The total cumulative dose of doxorubicin hydrochloride should not exceed 550 mg/m2 because of the risk of potentially irreversible cardiotoxicity, but higher cumulative doses may be tolerated when dexrazoxane is used concomitantly as a cardioprotectant. If previous or concomitant therapy includes the use of other potentially cardiotoxic agents (e.g., cyclophosphamide, irradiation of the cardiac region), total doxorubicin hydrochloride should not exceed 400 mg/m2. The total dosage of doxorubicin hydrochloride should include any previous or concomitant therapy with other anthracyclines or related compounds.
As A Single Agent: Commonly Used Adult Dosage Schedule: 60 to 75 mg/m2 body surface area as a single IV injection every 21 days.
Alternative Adult Dosage Schedule: 20 mg/m2 body surface area as a single IV injection in weekly doses has been reported to reduce the incidence of congestive heart failure.
30 mg/m2 body surface area as a single IV injection on each of 3 successive days repeated every 4 weeks has also been used; this schedule is usually associated with a higher incidence of stomatitis.
In Combination Chemotherapy: In combination with other chemotherapy drugs, the most commonly used dosage of Doxorubicin is 40 to 60 mg/m2 body surface area as a single IV injection every 21 to 28 days.
Dosage Adjustments: In a clinical study, patients who experienced neutropenic fever/infection while receiving the combination of doxorubicin/cyclophosphamide could have dose modifications of the regimen up to 75% of the starting doses.
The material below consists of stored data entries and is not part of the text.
lemma sum_PiE_prod_insert_cond_mean:
  fixes p A B :: "('i \<Rightarrow> 'a::finite) \<Rightarrow> real" and G :: "('i \<Rightarrow> 'a) \<Rightarrow> complex"
  assumes "t \<in> W" "finite T" "t \<notin> T"
    and p_eq: "\<And>w. p w = A w * B w" and B_pos: "\<And>w. B w > 0"
    and A_upd: "\<And>w a. A (w(t := a)) = A w" and G_upd: "\<And>w a. G (w(t := a)) = G w"
  shows "(\<Sum>w\<in>PiE W (\<lambda>_. UNIV). of_real (p w) * (\<Prod>s\<in>insert t T. \<phi> s (w s)) * G w) =
    (\<Sum>w\<in>PiE W (\<lambda>_. UNIV). of_real (p w) * (\<Prod>s\<in>T. \<phi> s (w s)) * (cond_mean B (\<phi> t) t w * G w))"
proof -
  have "(\<Sum>w\<in>PiE W (\<lambda>_. UNIV). of_real (p w) * (\<Prod>s\<in>insert t T. \<phi> s (w s)) * G w)
      = (\<Sum>w\<in>PiE W (\<lambda>_. UNIV). of_real (p w) * \<phi> t (w t) * ((\<Prod>s\<in>T. \<phi> s (w s)) * G w))"
    using assms(2,3) by (simp add: algebra_simps)
  also have "\<dots> = (\<Sum>w\<in>PiE W (\<lambda>_. UNIV). of_real (p w) * cond_mean B (\<phi> t) t w * ((\<Prod>s\<in>T. \<phi> s (w s)) * G w))"
  proof (rule sum_PiE_cond_mean[OF \<open>t \<in> W\<close> p_eq B_pos A_upd])
    fix w a
    have "(\<Prod>s\<in>T. \<phi> s ((w(t := a)) s)) = (\<Prod>s\<in>T. \<phi> s (w s))"
      using \<open>t \<notin> T\<close> by (intro prod.cong) auto
    then show "(\<Prod>s\<in>T. \<phi> s ((w(t := a)) s)) * G (w(t := a)) = (\<Prod>s\<in>T. \<phi> s (w s)) * G w"
      by (simp only: G_upd)
  qed
  also have "\<dots> = (\<Sum>w\<in>PiE W (\<lambda>_. UNIV). of_real (p w) * (\<Prod>s\<in>T. \<phi> s (w s)) * (cond_mean B (\<phi> t) t w * G w))"
    by (simp add: algebra_simps)
  finally show ?thesis .
qed

lemma norm_sum_PiE_contracting_factors_le:
  fixes p :: "('i \<Rightarrow> 'a::finite) \<Rightarrow> real" and A B :: "'i \<Rightarrow> ('i \<Rightarrow> 'a) \<Rightarrow> real"
    and \<phi> :: "'i \<Rightarrow> 'a \<Rightarrow> complex" and F :: "('i \<Rightarrow> 'a) \<Rightarrow> complex"
  assumes "finite T" "T \<subseteq> W"
    and p_nonneg: "\<And>w. p w \<ge> 0" and p_sum: "(\<Sum>w\<in>PiE W (\<lambda>_. UNIV). p w) = 1"
    and p_eq: "\<And>t w. t \<in> T \<Longrightarrow> p w = A t w * B t w"
    and B_pos: "\<And>t w. t \<in> T \<Longrightarrow> B t w > 0"
    and A_upd: "\<And>t w a. t \<in> T \<Longrightarrow> A t (w(t := a)) = A t w"
    and B_upd: "\<And>t s w a. t \<in> T \<Longrightarrow> s \<in> T \<Longrightarrow> s \<noteq> t \<Longrightarrow> B t (w(s := a)) = B t w"
    and contraction: "\<And>t w. t \<in> T \<Longrightarrow>
      cmod (\<Sum>a\<in>UNIV. of_real (B t (w(t := a))) * \<phi> t a) \<le> (1 - \<delta>) * (\<Sum>a\<in>UNIV. B t (w(t := a)))"
    and F_upd: "\<And>s w a. s \<in> T \<Longrightarrow> F (w(s := a)) = F w"
    and F_bound: "\<And>w. cmod (F w) \<le> C"
  shows "cmod (\<Sum>w\<in>PiE W (\<lambda>_. UNIV). of_real (p w) * (\<Prod>s\<in>T. \<phi> s (w s)) * F w) \<le> (1 - \<delta>) ^ card T * C"
proof -
  have "cmod (\<Sum>w\<in>PiE W (\<lambda>_. UNIV). of_real (p w) * (\<Prod>s\<in>T'. \<phi> s (w s)) * G w) \<le> (1 - \<delta>) ^ card T' * C'"
    if "T' \<subseteq> T" "\<And>s w a. s \<in> T' \<Longrightarrow> G (w(s := a)) = G w" "\<And>w. cmod (G w) \<le> C'" for T' G C'
    using finite_subset[OF that(1) \<open>finite T\<close>] that
  proof (induction T' arbitrary: G C' rule: finite_induct)
    case empty
    have "cmod (\<Sum>w\<in>PiE W (\<lambda>_. UNIV). of_real (p w) * G w) \<le> (\<Sum>w\<in>PiE W (\<lambda>_. UNIV). p w * C')"
      using norm_sum[of "\<lambda>w. of_real (p w) * G w"] empty.prems(3) p_nonneg
      by (smt (verit) mult_left_mono norm_mult norm_of_real sum_mono)
    then show ?case using p_sum by (simp add: sum_distrib_right[symmetric])
  next
    case (insert t T')
    \<comment> \<open>The conditional mean E is small and, like G, does not read T', so the induction
      hypothesis applies to \<open>E * G\<close>.\<close>
    have "t \<in> T" "t \<in> W" using insert.prems(1) \<open>T \<subseteq> W\<close> by auto
    define E where "E = cond_mean (B t) (\<phi> t) t"
    have peel: "(\<Sum>w\<in>PiE W (\<lambda>_. UNIV). of_real (p w) * (\<Prod>s\<in>insert t T'. \<phi> s (w s)) * G w) =
        (\<Sum>w\<in>PiE W (\<lambda>_. UNIV). of_real (p w) * (\<Prod>s\<in>T'. \<phi> s (w s)) * (E w * G w))"
      unfolding E_def using \<open>t \<in> W\<close> insert.hyps p_eq[OF \<open>t \<in> T\<close>] B_pos[OF \<open>t \<in> T\<close>]
        A_upd[OF \<open>t \<in> T\<close>] insert.prems(2)[OF insertI1]
      by (rule sum_PiE_prod_insert_cond_mean)
    have E_upd: "E (w(s := a)) = E w" if "s \<in> T'" for s w a
      unfolding E_def using that insert.prems(1) insert.hyps(2)
      by (intro cond_mean_fun_upd B_upd[OF \<open>t \<in> T\<close>]) auto
    have E_bound: "cmod (E w) \<le> 1 - \<delta>" for w
      unfolding E_def using B_pos[OF \<open>t \<in> T\<close>] contraction[OF \<open>t \<in> T\<close>] by (rule norm_cond_mean_le)
    have "0 \<le> C'" using insert.prems(3) norm_ge_zero order_trans by blast
    have "cmod (\<Sum>w\<in>PiE W (\<lambda>_. UNIV). of_real (p w) * (\<Prod>s\<in>T'. \<phi> s (w s)) * (E w * G w))
        \<le> (1 - \<delta>) ^ card T' * ((1 - \<delta>) * C')"
    proof (rule insert.IH)
      show "T' \<subseteq> T" using insert.prems(1) by simp
      show "E (w(s := a)) * G (w(s := a)) = E w * G w" if "s \<in> T'" for s w a
        using E_upd[OF that, of w a] insert.prems(2)[of s w a] that by (simp add: fun_upd_def)
      show "cmod (E w * G w) \<le> (1 - \<delta>) * C'" for w
        unfolding norm_mult using E_bound[of w] insert.prems(3)[of w] \<open>0 \<le> C'\<close> order_trans[OF norm_ge_zero E_bound]
        by (intro mult_mono) auto
    qed
    then show ?case
      using insert.hyps unfolding peel by (simp add: algebra_simps)
  qed
  from this[OF subset_refl F_upd F_bound] show ?thesis .
qed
When necessary, the next cycle of treatment was delayed until the absolute neutrophil count (ANC) was ≥1000 cells/mm3 and the platelet count was ≥100,000 cells/mm3 and nonhematologic toxicities had resolved.
Dose reduction of Doxorubicin is recommended in patients with hepatic impairment with the following plasma bilirubin concentrations: See table.

Doxorubicin should not be administered to patients with severe hepatic impairment. (see Contraindications).